[CERPEN] Matahari Di Malam Hari (Dimuat di Koran Waspada, Minggu 17 Februari 2019)
Matahari
Di Malam Hari
Cerpen : Feby Farayola
Bahkan orang buta sekalipun mengerti
bahwa matahari hanya bersinar pada pagi hingga sore hari. Ketika senja beranjak
pulang, saat itulah bulan dan bintang-bintang menggantikan perannya menerangi
bumi. Namun gadis kecil itu bersi keras bahwa matahari juga bersinar pada malam
hari. Bahkan gadis kecil itu mengaku bahwa ia dapat melihat matahari yang ajaib
tersebut. Ia tidak perduli dengan tatapan aneh yang dilemparkan semua orang
padanya karena pengakuannya tersebut. Baginya, mereka hanyalah orang-orang
malang yang tidak beruntung sebab tidak dapat melihat matahari di malam hari
tersebut seperti dirinya.
“Mungkin matahari yang ia maksud
adalah bulan. Bukankah matahari dan bulan sama-sama berbentuk bulat?”
“Aku tidak sebodoh itu!

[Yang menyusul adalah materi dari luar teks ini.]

(* Let $h:(\mathbb{R}^n,0)\to(\mathbb{R}^n,0)$ be a bi-Lipschitz homeomorphism germ. Suppose that $h^{-1}(\tau)$ satisfies condition (SSP) for every semiline $\tau$. Then $LD(h(\ell))$ is a semiline for every semiline $\ell$; that is, $h$ satisfies condition semiline-(SSP).
   Context: For a set-germ $A\subset\mathbb{R}^n$ at $0$ with $0\in\overline A$, $D(A)=\{a\in S^{n-1}:\exists\, x_i\in A\setminus\{0\},\ x_i\to0,\ x_i/\|x_i\|\to a\}$ and $LD(A)=\{ta:a\in D(A),t\ge0\}$. A semiline is a set $\{ta:t\ge0\}$ with $a\in S^{n-1}$. For sequences, $\|u_m\|\ll\|v_m\|,\|w_m\|$ means $\|u_m\|/\|v_m\|\to0$ and $\|u_m\|/\|w_m\|\to0$. $A$ satisfies condition (SSP) if for every sequence $a_m\in\mathbb{R}^n$ tending to $0$ with $\lim a_m/\|a_m\|\in D(A)$ there is a sequence $b_m\in A$ with $\|a_m-b_m\|\ll\|a_m\|,\|b_m\|$. A homeomorphism germ $h$ satisfies condition semiline-(SSP) if $D(h(\ell))$ is a single point for every semiline $\ell$. A bi-Lipschitz homeomorphism germ is a homeomorphism germ $h$ with $h(0)=0$ and constants $0<K_1\le K_2$ with $K_1\|x-y\|\le\|h(x)-h(y)\|\le K_2\|x-y\|$ near $0$. *)

theory Defs
  imports "HOL-Analysis.Analysis"
begin

definition dirs :: "'a::euclidean_space set \<Rightarrow> 'a set" where
  "dirs A = {a. norm a = 1 \<and> (\<exists>x::nat \<Rightarrow> 'a. (\<forall>i. x i \<in> A - {0}) \<and> x \<longlonglongrightarrow> 0
                 \<and> (\<lambda>i. x i /\<^sub>R norm (x i)) \<longlonglongrightarrow> a)}"

definition LD :: "'a::euclidean_space set \<Rightarrow> 'a set" where
  "LD A = {t *\<^sub>R a | t a. a \<in> dirs A \<and> t \<ge> 0}"

definition is_semiline :: "'a::euclidean_space set \<Rightarrow> bool" where
  "is_semiline S \<longleftrightarrow> (\<exists>a. norm a = 1 \<and> S = {t *\<^sub>R a | t. t \<ge> 0})"

definition SSP :: "'a::euclidean_space set \<Rightarrow> bool" where
  "SSP A \<longleftrightarrow> (\<forall>a::nat \<Rightarrow> 'a. a \<longlonglongrightarrow> 0 \<and> (\<exists>v\<in>dirs A. (\<lambda>m. a m /\<^sub>R norm (a m)) \<longlonglongrightarrow> v)
     \<longrightarrow> (\<exists>b::nat \<Rightarrow> 'a. (\<forall>m. b m \<in> A)
           \<and> (\<lambda>m. norm (a m - b m) / norm (a m)) \<longlonglongrightarrow> 0
           \<and> (\<lambda>m. norm (a m - b m) / norm (b m)) \<longlonglongrightarrow> 0))"

end

theory Submission
  imports Defs "HOL-Homology.Invariance_of_Domain"
begin

text \<open>Let \<open>l\<close> be a semiline with direction \<open>a\<close>, and let \<open>p\<close>, \<open>q\<close> be directions of \<open>h(l)\<close>,
  attained along image sequences \<open>h(u\<^sub>i)\<close> and \<open>h(u'\<^sub>i)\<close> with \<open>u\<^sub>i\<close>, \<open>u'\<^sub>i\<close> on \<open>l\<close>.
  A bi-Lipschitz map fixing 0 preserves and reflects relative closeness
  \<open>\<parallel>x\<^sub>i - x'\<^sub>i\<parallel> \<ll> \<parallel>x\<^sub>i\<parallel>\<close> of sequences, and relatively close sequences have the same
  limit direction. Pulling back the points \<open>\<parallel>h(u\<^sub>i)\<parallel> p\<close> of the semiline \<open>\<tau>\<close> spanned
  by \<open>p\<close> (possible since \<open>h\<close> is open by invariance of domain) shows that \<open>a\<close> is a direction
  of \<open>h\<^sup>-\<^sup>1(\<tau>)\<close>. Condition (SSP) for \<open>h\<^sup>-\<^sup>1(\<tau>)\<close> now yields points \<open>b\<^sub>i \<in> h\<^sup>-\<^sup>1(\<tau>)\<close>
  relatively close to \<open>u'\<^sub>i\<close>; their images lie on \<open>\<tau>\<close> and are relatively close to \<open>h(u'\<^sub>i)\<close>,
  so \<open>q = p\<close>. A direction exists by compactness of the unit sphere.\<close>

definition ray :: "'a::real_vector \<Rightarrow> 'a set" where
  "ray a = {t *\<^sub>R a | t. t \<ge> 0}"

lemma is_semiline_ray: "norm a = 1 \<Longrightarrow> is_semiline (ray a)"
  unfolding is_semiline_def ray_def by blast

lemma ray_normalize:
  fixes a :: "'a::real_normed_vector"
  assumes "x \<in> ray a" "x \<noteq> 0" "norm a = 1"
  shows "x /\<^sub>R norm x = a"
  using assms by (auto simp: ray_def)

lemma LD_eq_ray: "dirs A = {p} \<Longrightarrow> LD A = ray p"
  unfolding LD_def ray_def by auto

lemma dirsI_eventually:
  fixes x :: "nat \<Rightarrow> 'a::euclidean_space"
  assumes "\<forall>\<^sub>F i in sequentially. x i \<in> A - {0}"
    and "x \<longlonglongrightarrow> 0" and "(\<lambda>i. x i /\<^sub>R norm (x i)) \<longlonglongrightarrow> a" and "norm a = 1"
  shows "a \<in> dirs A"
proof -
  obtain N where N: "\<And>i. i \<ge> N \<Longrightarrow> x i \<in> A - {0}"
    using assms(1) unfolding eventually_sequentially by blast
  show ?thesis
    unfolding dirs_def
  proof (intro CollectI conjI exI[of _ "\<lambda>i. x (i + N)"])
    show "\<forall>i. x (i + N) \<in> A - {0}" using N by simp
    show "(\<lambda>i. x (i + N)) \<longlonglongrightarrow> 0" using LIMSEQ_ignore_initial_segment[OF assms(2)] .
    show "(\<lambda>i. x (i + N) /\<^sub>R norm (x (i + N))) \<longlonglongrightarrow> a"
      using LIMSEQ_ignore_initial_segment[OF assms(3)] .
  qed (rule assms(4))
qed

Matahari dan
bulan jelas berbeda meski sama-sama berbentuk bulat.” Gadis kecil itu menyergah
omongan salah seorang warga kampung saat dirinya sedang menemani ibunya berbelanja
bahan masakan di pasar.
“Sudah, tidak usah ditanggapi.
Percuma berbicara dengan orang yang kehilangan kewarasannya,” ucap seorang
warga kampung yang lain.
“Hey! Aku dengar apa yang kalian
katakan.” Gadis kecil itu meneriaki dua orang warga kampung yang tadi
membicarakan dirinya. Meski umpatan dan caci maki adalah makanannya
sehari-hari, gadis kecil itu tak gentar mempercayai apa yang selama ini ia
percayai. Bahwasanya matahari juga bersinar pada malam hari.

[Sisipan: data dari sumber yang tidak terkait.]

lemma bs_witness_of_not_in_class:
  assumes I: "is_ideal I" and "\<not> in_class (Ip I) (Iqn I) X"
  shows "\<exists>\<E>. bs_witness I I I \<E> \<and> \<E> \<lesssim> topspace X"
proof -
  obtain f where "Ip I (topspace X) f" "\<not> Iqn I (topspace X) f"
    using assms(2) Iqn_imp_Ip[OF I] by (rule not_in_classE)
  then show ?thesis
    using bs_witness_disjointed_levels[OF I] image_lepoll by blast
qed

lemma addw_witness_of_not_in_class:
  assumes I: "is_ideal I" and "\<not> in_class (Iqn I) (Isu I) X"
  shows "\<exists>\<A>. addw_witness I I \<A> \<and> \<A> \<lesssim> topspace X"
proof -
  obtain f where "Iqn I (topspace X) f" and not_Isu: "\<not> Isu I (topspace X) f"
    using assms(2) Isu_imp_Iqn[OF I] by (rule not_in_classE)
  then obtain eps where "Iconv I eps" "\<And>x. x \<in> topspace X \<Longrightarrow> {n. eps n \<le> \<bar>f n x\<bar>} \<in> I"
    unfolding Iqn_def by blast
  then show ?thesis
    using addw_witness_exceptional_sets[OF I _ _ not_Isu] image_lepoll by blast
qed

lemma not_in_class_of_bsigma_witness:
  assumes I: "is_ideal I" and w: "bsigma_witness I I \<E>"
  shows "\<exists>X :: real topology. normal_T2 X \<and> \<not> in_class (Ip I) (Isu I) X \<and> topspace X \<lesssim> \<E>"
proof -
  obtain j :: "(nat \<Rightarrow> nat set) \<Rightarrow> real" where "inj j"
    using ex_inj_nat_set_seq_real by blast
  have "E k \<in> I" if "E \<in> \<E>" for E k
    using w that unfolding bsigma_witness_def MM_def by blast
  then have "Ip I \<E> (\<lambda>n E. entry_height E n)"
    by (rule Ip_entry_height[OF I])
  then show ?thesis
    using discrete_space_not_in_class[where \<alpha>="Ip I" and \<alpha>'="Ip I" and \<beta>="Isu I" and \<beta>'="Isu I",
        OF \<open>inj j\<close> Ip_image Isu_image[OF I]
        _ not_Isu_entry_height[OF I w]] by blast
qed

Gadis kecil itu bernama Sandra.
Baginya, matahari pada malam hari itu sangat spesial. Ingatan Sandra terbang
pada saat-saat di mana cahaya matahari pada malam hari itu membawanya
berpetualangan ke dimensi waktu yang sangat ingin ia datangi.
Suatu malam, cahaya matahari pada
malam hari itu membawanya pergi ke tempat yang sangat menakjubkan. Di tempat
tersebut banyak terdapat pepohonan yang tidak biasa. Seperti pohon berdaun permen
harum manis, sungai karamel, bebatuan yang rasanya manis seperti lollipop, dan
lain sebagainya. Di sana juga terdapat macam-macam wahana permainan yang bebas
dicoba oleh Sandra tanpa takut berebut dengan teman-temannya seperti di
sekolah. Tetapi, lagi-lagi yang Sandra dapatkan adalah umpatan caci maki dan
tatapan aneh dari semua orang saat dirinya menceritakan hal tersebut.

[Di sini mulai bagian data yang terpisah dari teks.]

section \<open>The analytic reparametrization\<close>

lemma continuous_exp_eq_1_imp_0:
  fixes f :: "complex \<Rightarrow> complex"
  assumes cont: "continuous_on UNIV f" and f0: "f 0 = 0" and exp: "\<And>z. exp (f z) = 1"
  shows "f z = 0"
proof -
  have "f constant_on UNIV"
  proof (rule continuous_discrete_range_constant[OF connected_UNIV cont])
    fix x :: complex
    show "\<exists>e>0. \<forall>y. y \<in> UNIV \<and> f y \<noteq> f x \<longrightarrow> e \<le> norm (f y - f x)"
    proof (intro exI[of _ "2*pi"] conjI allI impI)
      fix y assume y: "y \<in> UNIV \<and> f y \<noteq> f x"
      have "exp (f y - f x) = 1" using exp[of y] exp[of x] by (simp add: exp_diff)
      then obtain n :: int where re: "Re (f y - f x) = 0" and im: "Im (f y - f x) = of_int (2*n) * pi"
        unfolding exp_eq_1 by blast
      have "n \<noteq> 0" using re im y by (auto simp: complex_eq_iff)
      then have "2*pi \<le> \<bar>Im (f y - f x)\<bar>" using im pi_gt_zero by (simp add: abs_mult)
      also have "\<dots> \<le> norm (f y - f x)" by (rule abs_Im_le_cmod)
      finally show "2*pi \<le> norm (f y - f x)" .
    qed simp
  qed
  then show ?thesis using f0 unfolding constant_on_def by (metis UNIV_I)
qed

lemma isCont_eq_0_if_eq_0_off_0:
  fixes f :: "'a::{real_normed_vector,perfect_space} \<Rightarrow> 'b::real_normed_vector"
  assumes "isCont f 0" and "\<And>w. w \<noteq> 0 \<Longrightarrow> f w = 0"
  shows "f 0 = 0"
proof -
  have "f \<midarrow>0\<rightarrow> f 0" using assms(1) by (simp add: isCont_def)
  moreover have "\<forall>\<^sub>F w in at 0. f w = 0"
    unfolding eventually_at_filter by (rule always_eventually) (simp add: assms(2))
  then have "f \<midarrow>0\<rightarrow> 0" by (rule tendsto_eventually)
  ultimately show ?thesis by (rule LIM_unique)
qed

lemma holomorphic_eq_0_if_eq_0_on_ray:
  fixes h :: "complex \<Rightarrow> complex"
  assumes hol: "h holomorphic_on UNIV" and \<sigma>: "\<sigma> \<noteq> 0"
    and ray: "\<And>s. s > 0 \<Longrightarrow> h (of_real (\<sigma> * s)) = 0"
  shows "h w = 0"
proof -
  define U where "U = (\<lambda>s. complex_of_real (\<sigma> * s)) ` {0<..}"
  have "complex_of_real \<sigma> islimpt U"
    unfolding islimpt_approachable
  proof (intro allI impI)
    fix e :: real assume e: "e > 0"
    define s where "s = 1 + e / (2 * \<bar>\<sigma>\<bar>)"
    have "dist (complex_of_real (\<sigma> * s)) (complex_of_real \<sigma>) = \<bar>\<sigma> * s - \<sigma>\<bar>"
      by (metis dist_norm norm_of_real of_real_diff)
    also have "\<dots> = e / 2" using \<sigma> e by (simp add: s_def algebra_simps abs_mult)
    finally have "dist (complex_of_real (\<sigma> * s)) (complex_of_real \<sigma>) = e / 2" .
    moreover have "complex_of_real (\<sigma> * s) \<in> U"
      unfolding U_def using e by (intro imageI) (simp add: s_def add_pos_nonneg)
    ultimately show "\<exists>x'\<in>U. x' \<noteq> complex_of_real \<sigma> \<and> dist x' (complex_of_real \<sigma>) < e"
      using e by (intro bexI[of _ "complex_of_real (\<sigma> * s)"]) auto
  qed
  moreover have "h z = 0" if "z \<in> U" for z using that ray by (auto simp: U_def)
  ultimately show ?thesis
    using analytic_continuation[OF hol open_UNIV connected_UNIV subset_UNIV UNIV_I] by blast
qed

lemma entire_odd_log:
  fixes e :: "complex \<Rightarrow> complex"
  assumes hol: "e holomorphic_on UNIV" and recip: "\<And>z. e z * e (-z) = 1" and e0: "e 0 = 1"
    and cnj: "\<And>z. e (cnj z) = cnj (e z)"
  obtains \<theta> where "\<theta> holomorphic_on UNIV" "\<And>z. exp (\<theta> z) = e z"
    "\<And>z. \<theta> (-z) = - \<theta> z" "\<And>z. \<theta> (cnj z) = cnj (\<theta> z)"
proof -
  have nz: "e z \<noteq> 0" for z using recip[of z] by auto
  obtain g where g: "g holomorphic_on UNIV" "\<And>z. z \<in> UNIV \<Longrightarrow> e z = exp (g z)"
    by (rule contractible_imp_holomorphic_log[OF hol convex_imp_contractible[OF convex_UNIV] nz]) iprover
  define \<theta> where "\<theta> z = g z - g 0" for z
  have exp\<theta>: "exp (\<theta> z) = e z" for z
    using g(2)[of z] g(2)[of 0] e0 by (simp add: \<theta>_def exp_diff)
  have hol\<theta>: "\<theta> holomorphic_on UNIV" unfolding \<theta>_def[abs_def] by (intro holomorphic_intros g(1))
  then have cont\<theta>: "continuous_on UNIV \<theta>" by (rule holomorphic_on_imp_continuous_on)
  have \<theta>0: "\<theta> 0 = 0" by (simp add: \<theta>_def)
  text \<open>Both symmetries hold up to a continuous multiple of \<open>2\<pi>i\<close>, which vanishes at \<open>0\<close>.\<close>
  have "continuous_on UNIV (\<lambda>z. \<theta> (-z))"
    by (rule continuous_on_compose2[OF cont\<theta>]) (auto intro: continuous_intros)
  have "\<theta> z + \<theta> (-z) = 0" for z
  proof (rule continuous_exp_eq_1_imp_0[of "\<lambda>z. \<theta> z + \<theta> (-z)"])
    show "continuous_on UNIV (\<lambda>z. \<theta> z + \<theta> (- z))"
      using cont\<theta> \<open>continuous_on UNIV (\<lambda>z. \<theta> (-z))\<close> by (rule continuous_on_add)
    show "exp (\<theta> z + \<theta> (- z)) = 1" for z using recip[of z] by (simp add: exp_add exp\<theta>)
  qed (simp add: \<theta>0)
  then have odd: "\<theta> (-z) = - \<theta> z" for z by (simp add: eq_neg_iff_add_eq_0 add.commute)
  have "cnj (\<theta> (cnj z)) - \<theta> z = 0" for z
  proof (rule continuous_exp_eq_1_imp_0[of "\<lambda>z. cnj (\<theta> (cnj z)) - \<theta> z"])
    have "continuous_on UNIV (\<lambda>z. cnj (\<theta> (cnj z)))"
      by (intro continuous_intros continuous_on_compose2[OF cont\<theta>]) auto
    then show "continuous_on UNIV (\<lambda>z. cnj (\<theta> (cnj z)) - \<theta> z)"
      using cont\<theta> by (rule continuous_on_diff)
    show "exp (cnj (\<theta> (cnj z)) - \<theta> z) = 1" for z
    proof -
      have "exp (cnj (\<theta> (cnj z))) = e z" using exp\<theta>[of "cnj z"] cnj[of "cnj z"]
        by (metis complex_cnj_cnj exp_cnj)
      then show ?thesis using nz[of z] by (simp add: exp_diff exp\<theta>)
    qed
  qed (simp add: \<theta>0)
  then have "\<theta> (cnj z) = cnj (\<theta> z)" for z by (metis complex_cnj_cnj eq_iff_diff_eq_0)
  then show ?thesis by (rule that[OF hol\<theta> exp\<theta> odd])
qed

“Aku tidak berbohong,” ucap Sandra
pada teman-temannya saat ia usai bermain lompat karet di sebuah tanah lapang
yang terletak di ujung kampung tersebut.
“Sandra! Ayo pulang.” Tiba-tiba
ibunya datang sambil marah-marah. “Berhenti membuat keluarga kita malu dengan
semua cerita-cerita aneh itu.”
Sandra berontak. Ia tidak suka saat
ibunya berbicara seperti tadi. Sebab semua yang keluar dari bibirnya adalah
kenyataan. Saat-saat seperti ini, satu-satunya cara yang dapat dilakukan ibunya
agar Sandra diam dan menurut saat diajak pulang adalah dengan memukulinya. Tanpa
perduli dengan rintihan dan isak tangis gadis kecil itu. Hukuman berupa
kurungan di dalam kamar telah menantinya setibanya ia dan ibunya di rumah.
“Apa sebaiknya anak itu kita
masukkan ke dalam rumah sakit jiwa saja?” gumam wanita paruh baya itu pada seorang
pria yang duduk di sebelahnya.
“Itu ide yang bagus. Tapi biayanya
tidak murah,” sahut pria tersebut.
Keduanya larut dalam pikiran
masing-masing. Sama-sama sibuk memikirkan bagaimana menghadapi Sandra yang
semakin hari semakin aneh saja. Mereka adalah orang tua Sandra. Orang tua tiri
tepatnya. Ibu kandungnya meregang nyawa saat melahirkannya. Saat Sandra berusia
tiga tahun, ayahnya yang seorang pedagang sembako sukses di kampung itu menikah
lagi. Selang beberapa tahun kemudian, ayah kandungnya tewas saat mengantarkan
barang dagangan di pulau sebrang dengan meninggalkan harta yang berlimpah.
Tanpa pikir panjang, ibu tirinya menikah lagi dengan seorang pria yang usianya
jauh lebih muda darinya.
Mulanya kehidupan mereka
berkecukupan. Sebab harta peninggalan kedua orang tua kandung Sandra berlimpah.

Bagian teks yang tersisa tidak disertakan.